Еще со времен, когда богиня Ио поспособствовала убийству Мемнона Ахиллом и ускорила несчастный случай с Прокридой, погибшей от рук ничего не подозревавшего собственного мужа[49], остров был чудом из чудес. И это не удивительно: остров обладал уникальным по своей природе святым; казалось, его божественная сила слишком велика и лучезарна, чтобы храниться в нем.

Святой Герасим, усохший и потемневший, запечатанный в куполообразном позолоченном саркофаге, стоявшем у горнего места в алтаре монастыря его имени, пять веков как упокоившийся, ночью восстал. Убранный алыми и золотыми одеждами, драгоценными камнями и старинными орденами, он, потрескивая и поскрипывая, осторожно прокладывал путь среди своей паствы грешных и страждущих, навещал их дома, иногда переносясь и за границу, в родной Коринф, чтобы поклониться костям предков и побродить среди холмов и рощ юности. Но послушный долгу, святой всегда возвращался к утру, вынуждая ухаживавших за ним болтливых монахинь счищать грязь с его туфель из золотой парчи и придавать его истощенным и иссохшим конечностям позу мирного упокоения.

Настоящий святой, подлинный праведник, не имеющий ничего общего с мнимыми и сомнительными святыми других вероисповеданий.
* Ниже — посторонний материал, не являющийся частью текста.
definition simple_graph :: "'a set \<Rightarrow> 'a set set \<Rightarrow> bool" where
  "simple_graph V G \<longleftrightarrow> (\<forall>e\<in>G. \<exists>x y. x \<noteq> y \<and> e = {x,y} \<and> x \<in> V \<and> y \<in> V)"

(* acyclic: no edge lies on a cycle, i.e. removing any edge disconnects its endpoints *)
definition acyclic_graph :: "'a set \<Rightarrow> 'a set set \<Rightarrow> bool" where
  "acyclic_graph V G \<longleftrightarrow>
     (\<forall>x y. {x,y} \<in> G \<longrightarrow> (x,y) \<notin> (adj_in (G - {{x,y}}) V)\<^sup>*)"

definition is_tree :: "'a set \<Rightarrow> 'a set set \<Rightarrow> bool" where
  "is_tree V T \<longleftrightarrow> simple_graph V T \<and> connected_in T V \<and> acyclic_graph V T"

definition host_tree :: "'a set \<Rightarrow> 'a set set \<Rightarrow> 'a set set \<Rightarrow> bool" where
  "host_tree V E T \<longleftrightarrow> is_tree V T \<and> (\<forall>e\<in>E. connected_in T e)"

definition hypertree :: "'a set \<Rightarrow> 'a set set \<Rightarrow> bool" where
  "hypertree V E \<longleftrightarrow> hypergraph V E \<and> (\<exists>T. host_tree V E T)"

definition is_path :: "'a set set \<Rightarrow> 'a list \<Rightarrow> 'a \<Rightarrow> 'a \<Rightarrow> bool" where
  "is_path G p u v \<longleftrightarrow> p \<noteq> [] \<and> hd p = u \<and> last p = v \<and> distinct p \<and>
     (\<forall>i. Suc i < length p \<longrightarrow> {p ! i, p ! Suc i} \<in> G)"

(* vertex set of the (unique, in a tree) path from u to v *)
definition path_verts :: "'a set set \<Rightarrow> 'a \<Rightarrow> 'a \<Rightarrow> 'a set" where
  "path_verts G u v = {w. \<exists>p. is_path G p u v \<and> w \<in> set p}"

(* edges of H-bar_A: edges not containing A *)
definition edges_not_containing :: "'a set set \<Rightarrow> 'a set \<Rightarrow> 'a set set" where
  "edges_not_containing E A = {e \<in> E. \<not> A \<subseteq> e}"

definition two_section :: "'a set set \<Rightarrow> 'a set set" where
  "two_section E = {{x,y} | x y. x \<noteq> y \<and> (\<exists>e\<in>E. x \<in> e \<and> y \<in> e)}"

definition inter_connected :: "'a set set \<Rightarrow> bool" where
  "inter_connected F \<longleftrightarrow>
     (\<forall>A\<in>F. \<forall>B\<in>F. (A,B) \<in> {(X,Y). X \<in> F \<and> Y \<in> F \<and> X \<inter> Y \<noteq> {}}\<^sup>*)"

inductive_set comp_gen :: "'a set set \<Rightarrow> 'a set set" for E where
  base: "e \<in> E \<Longrightarrow> e \<in> comp_gen E"
| inter: "A \<in> comp_gen E \<Longrightarrow> B \<in> comp_gen E \<Longrightarrow> A \<inter> B \<noteq> {} \<Longrightarrow> A \<inter> B \<in> comp_gen E"
| union: "F \<in> Pow (comp_gen E) \<Longrightarrow> finite F \<Longrightarrow> F \<noteq> {} \<Longrightarrow> inter_connected F \<Longrightarrow> \<Union>F \<in> comp_gen E"
monos Pow_mono
lemma msubst_1 [simp]: "msubst f 1 = 1"
  using msubst_mconst[of f 1] by simp

lemma msubst_mvar [simp]: "msubst f (mvar k) = f k"
  by (simp add: mvar_def msubst_single mmon_subst_def)

lemma msubst_prod_list: "msubst f (prod_list ps) = prod_list (map (msubst f) ps)"
  by (induction ps) (auto simp: msubst_mult)

lemma msubst_msubst: "msubst g (msubst f p) = msubst (\<lambda>i. msubst g (f i)) p"
  by (induction p rule: mpoly_induct) (auto simp: msubst_add msubst_mult)

lemma msubst_mvar_id [simp]: "msubst mvar p = p"
  by (induction p rule: mpoly_induct) (auto simp: msubst_add msubst_mult)

definition mzero_subst :: "nat set \<Rightarrow> nat \<Rightarrow> mpoly" where
  "mzero_subst S j = (if j \<in> S then 0 else mvar j)"

lemma mzero_vars_eq_msubst: "mzero_vars S p = msubst (mzero_subst S) p"
  unfolding mzero_vars_def msubst_def
proof (rule sum.cong[OF refl])
  fix a
  show "(if \<forall>k\<in>S. Poly_Mapping.lookup a k = 0
           then Poly_Mapping.single a (Poly_Mapping.lookup p a) else 0) =
        mconst (Poly_Mapping.lookup p a) * mmon_subst (mzero_subst S) a"
  proof (cases "\<forall>k\<in>S. Poly_Mapping.lookup a k = 0")
    case True
    then have "mmon_subst (mzero_subst S) a = mmon_subst mvar a"
      unfolding mmon_subst_def by (intro prod.cong refl) (auto simp: mzero_subst_def in_keys_iff)
    also have "\<dots> = Poly_Mapping.single a 1"
      using msubst_single[of mvar a 1] by (simp add: msubst_mvar_id)
    finally show ?thesis using True by (simp add: mconst_mult_single)
  next
    case False
    then obtain k where "k \<in> S" "k \<in> Poly_Mapping.keys a" by (auto simp: in_keys_iff)
    then have "mmon_subst (mzero_subst S) a = 0"
      unfolding mmon_subst_def by (intro prod_zero bexI[of _ k]) (auto simp: mzero_subst_def in_keys_iff)
    with False show ?thesis by auto
  qed
qed

subsection \<open>Derivatives and the chain rule\<close>

lemma mpderiv_add: "mpderiv k (p + q) = mpderiv k p + mpderiv k q"
  unfolding mpderiv_def by (rule sum_keys_add) (simp_all add: distrib_left single_add)

lemma mpderiv_single:
  "mpderiv k (Poly_Mapping.single a c) =
    Poly_Mapping.single (a - Poly_Mapping.single k 1) (of_nat (Poly_Mapping.lookup a k) * c)"
  unfolding mpderiv_def by (rule sum_keys_single) simp

lemma mpderiv_0 [simp]: "mpderiv k 0 = 0"
  by (simp add: mpderiv_def)

lemma mpderiv_sum: "mpderiv k (\<Sum>i\<in>S. g i) = (\<Sum>i\<in>S. mpderiv k (g i))"
  by (induction S rule: infinite_finite_induct) (auto simp: mpderiv_add)

lemma mpderiv_mult_single:
  "mpderiv k (Poly_Mapping.single a c * Poly_Mapping.single b e) =
    mpderiv k (Poly_Mapping.single a c) * Poly_Mapping.single b e +
    Poly_Mapping.single a c * mpderiv k (Poly_Mapping.single b e)"
proof -
  have shift: "Poly_Mapping.single (a - Poly_Mapping.single k 1 + b) (of_nat (Poly_Mapping.lookup a k) * x) =
      Poly_Mapping.single (a + b - Poly_Mapping.single k 1) (of_nat (Poly_Mapping.lookup a k) * x)"
    for a b :: "nat \<Rightarrow>\<^sub>0 nat" and x :: complex
    \<comment> \<open>the exponents differ (truncated subtraction) only if \<open>lookup a k = 0\<close>, where both vanish\<close>
  proof (cases "Poly_Mapping.lookup a k = 0")
    case False
    then have "a - Poly_Mapping.single k 1 + b = a + b - Poly_Mapping.single k 1"
      by (intro poly_mapping_eqI) (auto simp: lookup_minus lookup_add lookup_single when_def)
    then show ?thesis by simp
  qed simp
  show ?thesis
    using shift[of a b "c * e"] shift[of b a "c * e"]
    by (simp add: mpderiv_single mult_single lookup_add single_add[symmetric] algebra_simps)
qed

lemma mpderiv_mult: "mpderiv k (p * q) = mpderiv k p * q + p * mpderiv k q"
proof -
  let ?p = "\<lambda>a. Poly_Mapping.single a (Poly_Mapping.lookup p a)"
  let ?q = "\<lambda>b. Poly_Mapping.single b (Poly_Mapping.lookup q b)"
  have "mpderiv k (p * q) = mpderiv k ((\<Sum>a\<in>Poly_Mapping.keys p. ?p a) * (\<Sum>b\<in>Poly_Mapping.keys q. ?q b))"
    by (subst (1 2) poly_mapping_sum_single) (rule refl)
  also have "\<dots> = (\<Sum>a\<in>Poly_Mapping.keys p. \<Sum>b\<in>Poly_Mapping.keys q.
      mpderiv k (?p a) * ?q b + ?p a * mpderiv k (?q b))"
    by (simp add: sum_product mpderiv_sum mpderiv_mult_single)
  also have "\<dots> = (\<Sum>a\<in>Poly_Mapping.keys p. mpderiv k (?p a)) * (\<Sum>b\<in>Poly_Mapping.keys q. ?q b) +
      (\<Sum>a\<in>Poly_Mapping.keys p. ?p a) * (\<Sum>b\<in>Poly_Mapping.keys q. mpderiv k (?q b))"
    by (simp only: sum_product sum.distrib)
  also have "\<dots> = mpderiv k p * q + p * mpderiv k q"
    by (simp only: mpderiv_sum[symmetric] poly_mapping_sum_single[symmetric])
  finally show ?thesis .
qed

lemma mpderiv_mconst [simp]: "mpderiv k (mconst c) = 0"
  by (simp add: mconst_def mpderiv_single)

lemma mpderiv_mvar: "mpderiv k (mvar j) = (if j = k then 1 else 0)"
  by (auto simp: mvar_def mpderiv_single lookup_single when_def)

lemma foldr_mpderiv_mconst_mult:
  "foldr (\<lambda>t. mpderiv (d t)) ts (mconst c * p) = mconst c * foldr (\<lambda>t. mpderiv (d t)) ts p"
  by (induction ts) (auto simp: mpderiv_mult)

lemma mpderiv_msubst:
  assumes "\<And>i. mpderiv j (f i) = (if i = k then 1 else 0)"
  shows "mpderiv j (msubst f p) = msubst f (mpderiv k p)"
  by (induction p rule: mpoly_induct)
    (auto simp: assms mpderiv_mvar msubst_add msubst_mult mpderiv_add mpderiv_mult)

lemma foldr_mpderiv_msubst:
  assumes "\<And>t i. t \<in> set ts \<Longrightarrow> mpderiv (d' t) (f i) = (if i = d t then 1 else 0)"
  shows "foldr (\<lambda>t. mpderiv (d' t)) ts (msubst f p) = msubst f (foldr (\<lambda>t. mpderiv (d t)) ts p)"
  using assms by (induction ts) (auto intro: mpderiv_msubst)

lemma foldr_mpderiv_mzero_subst:
  assumes "\<And>t. t \<in> set ts \<Longrightarrow> d t \<notin> S"
  shows "foldr (\<lambda>t. mpderiv (d t)) ts (msubst (mzero_subst S) p) =
    msubst (mzero_subst S) (foldr (\<lambda>t. mpderiv (d t)) ts p)"
  by (rule foldr_mpderiv_msubst) (use assms in \<open>auto simp: mzero_subst_def mpderiv_mvar\<close>)

text \<open>\<open>msubst (mzero_subst (- S)) p = p\<close> expresses that \<open>p\<close> only involves variables in \<open>S\<close>.\<close>

lemma msubst_cong_support:
  assumes "msubst (mzero_subst (- S)) p = p" and "\<And>i. i \<in> S \<Longrightarrow> f i = g i"
  shows "msubst f p = msubst g p"
proof -
  have "(\<lambda>i. msubst f (mzero_subst (- S) i)) = (\<lambda>i. msubst g (mzero_subst (- S) i))"
    using assms(2) by (auto simp: mzero_subst_def)
  then show ?thesis
    using msubst_msubst[of f "mzero_subst (- S)" p] msubst_msubst[of g "mzero_subst (- S)" p] assms(1)
    by simp
qed

lemma nth_pred_mem:
  assumes "set xs \<subseteq> A" and "t \<in> {1..length xs}"
  shows "xs ! (t - 1) \<in> A"
proof -
  have "xs ! (t - 1) \<in> set xs"
    using assms(2) by (intro nth_mem) auto
  with assms(1) show ?thesis by blast
qed

lemma map_nth_pred_upt: "map (\<lambda>t. f (xs ! (t - 1))) [1..<length xs + 1] = map f xs"
  by (rule nth_equalityI) (simp_all del: upt_Suc)

definition occupation_list :: "nat \<Rightarrow> (nat \<Rightarrow> nat) \<Rightarrow> nat list" where
  "occupation_list N c = concat (map (\<lambda>i. replicate (c i) i) [1..<N + 1])"

lemma occupation_list_Suc:
  "occupation_list (Suc N) c = occupation_list N c @ replicate (c (Suc N)) (Suc N)"
  by (simp add: occupation_list_def)

lemma length_occupation_list: "length (occupation_list N c) = (\<Sum>i\<in>{1..N}. c i)"
  by (induction N) (simp_all add: occupation_list_Suc occupation_list_def atLeastAtMostSuc_conv)

lemma set_occupation_list: "set (occupation_list N c) \<subseteq> {1..N}"
  by (auto simp: occupation_list_def)

lemma prod_list_occupation_list:
  "prod_list (map f (occupation_list N c)) = (\<Prod>i\<in>{1..N}. f i ^ c i)"
  by (induction N) (simp_all add: occupation_list_Suc occupation_list_def atLeastAtMostSuc_conv mult.commute)

lemma foldr_occupation_list:
  "foldr D (occupation_list N c) = foldr (\<lambda>i. D i ^^ c i) [1..<N + 1]"
  by (induction N) (simp_all add: occupation_list_Suc occupation_list_def)

lemma occupation_list_single_photons:
  assumes "n \<le> N"
  shows "occupation_list N (\<lambda>i. if i \<le> n then 1 else 0) = [1..<n + 1]"
proof -
  have "occupation_list N (\<lambda>i. if i \<le> n then 1 else 0) = [1..<min n N + 1]" for N
    by (induction N) (auto simp: occupation_list_Suc occupation_list_def min_def le_Suc_eq)
  with assms show ?thesis by simp
qed

definition row_form :: "nat \<Rightarrow> (nat \<Rightarrow> nat \<Rightarrow> complex) \<Rightarrow> nat \<Rightarrow> mpoly" where
  "row_form N A i = (\<Sum>j\<in>{1..N}. mconst (A i j) * mvar j)"

lemma output_poly_eq:
  "output_poly N A nin =
    mconst (\<Prod>i\<in>{1..N}. complex_of_real (1 / sqrt (real (fact (nin i))))) *
    prod_list (map (row_form N A) (occupation_list N nin))"
  by (simp add: output_poly_def prod_list_occupation_list row_form_def prod.distrib mconst_prod)

lemma heralded_poly_eq:
  "heralded_poly N M A nin mpat =
    mconst ((\<Prod>i\<in>{1..N}. complex_of_real (1 / sqrt (real (fact (nin i))))) /
      of_nat (\<Prod>j\<in>{1..M}. fact (mpat j))) *
    mzero_vars {N - M + 1..N} (foldr (\<lambda>s. mpderiv (N - M + s)) (occupation_list M mpat)
      (prod_list (map (row_form N A) (occupation_list N nin))))"
  unfolding heralded_poly_def output_poly_eq foldr_occupation_list[symmetric]
    foldr_mpderiv_mconst_mult mzero_vars_eq_msubst msubst_mult msubst_mconst
  by (simp only: mult.assoc[symmetric] mconst_mult[symmetric]) simp

lemma heralded_poly_single_photons:
  assumes "n \<le> N" and "m \<le> M"
  shows "heralded_poly N M A (\<lambda>i. if i \<le> n then 1 else 0) (\<lambda>j. if j \<le> m then 1 else 0) =
    mzero_vars {N - M + 1..N}
      (foldr (\<lambda>t. mpderiv (N - M + t)) [1..<m + 1] (prod_list (map (row_form N A) [1..<n + 1])))"
proof -
  have "(\<Prod>i\<in>{1..N}. complex_of_real (1 / sqrt (real (fact (if i \<le> n then 1 else 0 :: nat))))) = 1"
    by (rule prod.neutral) simp
  moreover have "(\<Prod>j\<in>{1..M}. fact (if j \<le> m then 1 else 0 :: nat)) = (1 :: nat)"
    by (rule prod.neutral) simp
  ultimately show ?thesis
    using assms by (simp only: heralded_poly_eq occupation_list_single_photons) simp
qed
Он не позорил свет инквизицией, как святой Доминик, не был пятиметровым гигантом с людоедскими наклонностями, как святой Христофор, и не убивал по неосторожности очевидцев своей смерти, как святая Катерина. Он не был также неполным святым, как святой Андрей, сумевший оставить только подошву правой ноги в женском монастыре вблизи Травлиаты. Подобно святому Спиридону Корфускому, Герасим прожил примерную жизнь и оставил свою бренную оболочку целиком – как источник вдохновения и как улику.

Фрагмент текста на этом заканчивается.